North Bay health care providers tap telemedicine to screen for coronavirus, serve spike in patients
With a deadly virus rampant in the community, Sonoma County health clinics, hospitals and physicians are turning to telephone and video communication to treat patients while guarding the safety of their facilities, staff and other patients.
Telemedicine, also known as telehealth, dates back to the 1960s as a way to connect patients to connect with caregivers. It is getting a boost during the coronavirus outbreak that has infected nine people in the county and brought much of life in the Bay Area to a standstill.
Sutter Health and Kaiser Permanente, as well as community health centers based in Santa Rosa, Petaluma and the west county, are ramping up telephone and video connections linking thousands of patients to their health care providers.
The St. Joseph Health Medical Group, affiliated with Santa Rosa Memorial Hospital, is relying on the internet to enable patients to get help without risk of exposure at a time when residents have been ordered to stay home, with schools and many businesses shuttered.
Extended care
The federal government has, for the first time, extended telemedicine to all Medicare beneficiaries regardless of their circumstances.
“We are in a unique time in which inexpensive, off-the-shelf video technology allows us to provide meaningful and clinically relevant care to even our most vulnerable populations,” said Dr. Jason Cunningham, CEO of West County Health Centers, which serves 15,000 patients.
“Most importantly, it allows us to provide ongoing care that is safe for our patients and staff in this critical time for our community,” he said.
Sutter Health's Walk-In Care clinics in Santa Rosa and 25 other communities around the Bay Area and Central Valley will all, by week's end, have activated systems allowing Sutter patients to make a “video visit” from home as a first step toward treatment.
“This means you avoid being exposed to the cold and flu, and, if you are sick, you won't expose others,” said Carolin Delker, Sutter's Walk-In Care clinical director.
If the clinician, via an online visit, determines the patient's symptoms are “mild to moderate,” testing for coronavirus is usually unnecessary and the patient is given instructions for self-care at home.
Patients who need a “higher level of care” will be directed, as needed, to testing at a Sutter hospital or another facility within the system, Delker said.
Patients who show up at a Sutter clinic will see signs on the door advising them to make a video visit though a Sutter app called My Health Online.
In addition to safety, the video system “will help relieve some of the pressure on our front-line clinicians if there is a surge in patients,” Delker said.
Santa Rosa Community Health, responding to the reports of community transmission of COVID-19, the disease caused by the coronavirus, is screening all patients over the phone or outside the clinic for symptoms or COVID-19 risk factors. Those who may be infected are directed to testing within the network of clinics.
The organization, which served 42,000 patients last year at eight sites around Santa Rosa, has also established a team of medical staffers to make telephone visits to patients who have appointments for noncritical care.
The idea is to “keep people at home” whenever it is appropriate and identify those with respiratory symptoms that could be evidence of the viral infection that has afflicted more than 1,000 people in California, said Annemarie Brown, the organization's communications and grants development director.

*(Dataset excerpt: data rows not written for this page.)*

text \<open>An upper-diagonal CNM is the same thing as a staircase: a set of cells of the
  \<open>n \<times> n\<close> grid that contains \<open>(1, 1)\<close> and the whole anti-diagonal, lies on or above the
  anti-diagonal, and in which every vertex other than \<open>(1, 1)\<close> has another vertex above it
  or to its left, but not both. For \<open>b \<ge> 2\<close> the nearest vertex above the leftmost vertex of
  row \<open>b\<close> lies in a row \<open>P b < b\<close>, so \<open>P\<close> is the parent function of an increasing tree on
  \<open>{1..n}\<close>. Conversely the tree determines the matrix: row \<open>a\<close> has its vertices exactly in
  the columns \<open>n + 1 - m\<close>, where \<open>m\<close> is \<open>a\<close> itself or the largest label in the subtree of a
  child of \<open>a\<close>. Under this bijection the vertex \<open>(1, n - 1)\<close> is present exactly when \<open>2\<close> has
  no children, so \<open>f(n, 0)\<close> counts the functions with \<open>P b \<in> {1..b-1} - {2}\<close>, of which there
  are \<open>1 \<cdot> 1 \<cdot> 2 \<cdots> (n - 2) = (n - 2)!\<close>.\<close>

lemma Greatest_less_nat:
  fixes x k :: nat
  assumes "k < x" "Q k"
  shows "(GREATEST a. a < x \<and> Q a) < x" "Q (GREATEST a. a < x \<and> Q a)"
    and "\<And>a. a < x \<Longrightarrow> Q a \<Longrightarrow> a \<le> (GREATEST a. a < x \<and> Q a)"
proof -
  have "(\<lambda>a. a < x \<and> Q a) (GREATEST a. a < x \<and> Q a)"
    by (rule GreatestI_nat[of _ k x]) (use assms in auto)
  then show "(GREATEST a. a < x \<and> Q a) < x" "Q (GREATEST a. a < x \<and> Q a)" by auto
  fix a assume "a < x" "Q a"
  then show "a \<le> (GREATEST a. a < x \<and> Q a)"
    by (intro Greatest_le_nat[of _ a x]) auto
qed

West County Health Centers, with seven facilities in Sebastopol, Forestville, Occidental and Guerneville, is calling patients with appointments to give them the option of a telephone or video visit with a clinician, while personal office visits are available by appointment on a limited basis, said Cunningham, the CEO.
“A portion of what we do in primary care can be handled remotely in this situation,” he said, noting that diabetic patients, who are at high risk for coronavirus infection, are better off staying at home.
“We want to align our care delivery with what's necessary to fight this disease,” Cunningham said.
Patients who arrive for an appointment are checked for evidence of a fever, cough or shortness of breath and people with those symptoms are asked to wear a mask and evaluated outside or in their car, said Dr. Rain Moore, chief medical officer.
Health care providers wear N95 respirators for high-risk encounters, but Moore said they are not recommended for the public “and frankly are discouraged as there is a need for these (masks) among the medical community,” she said.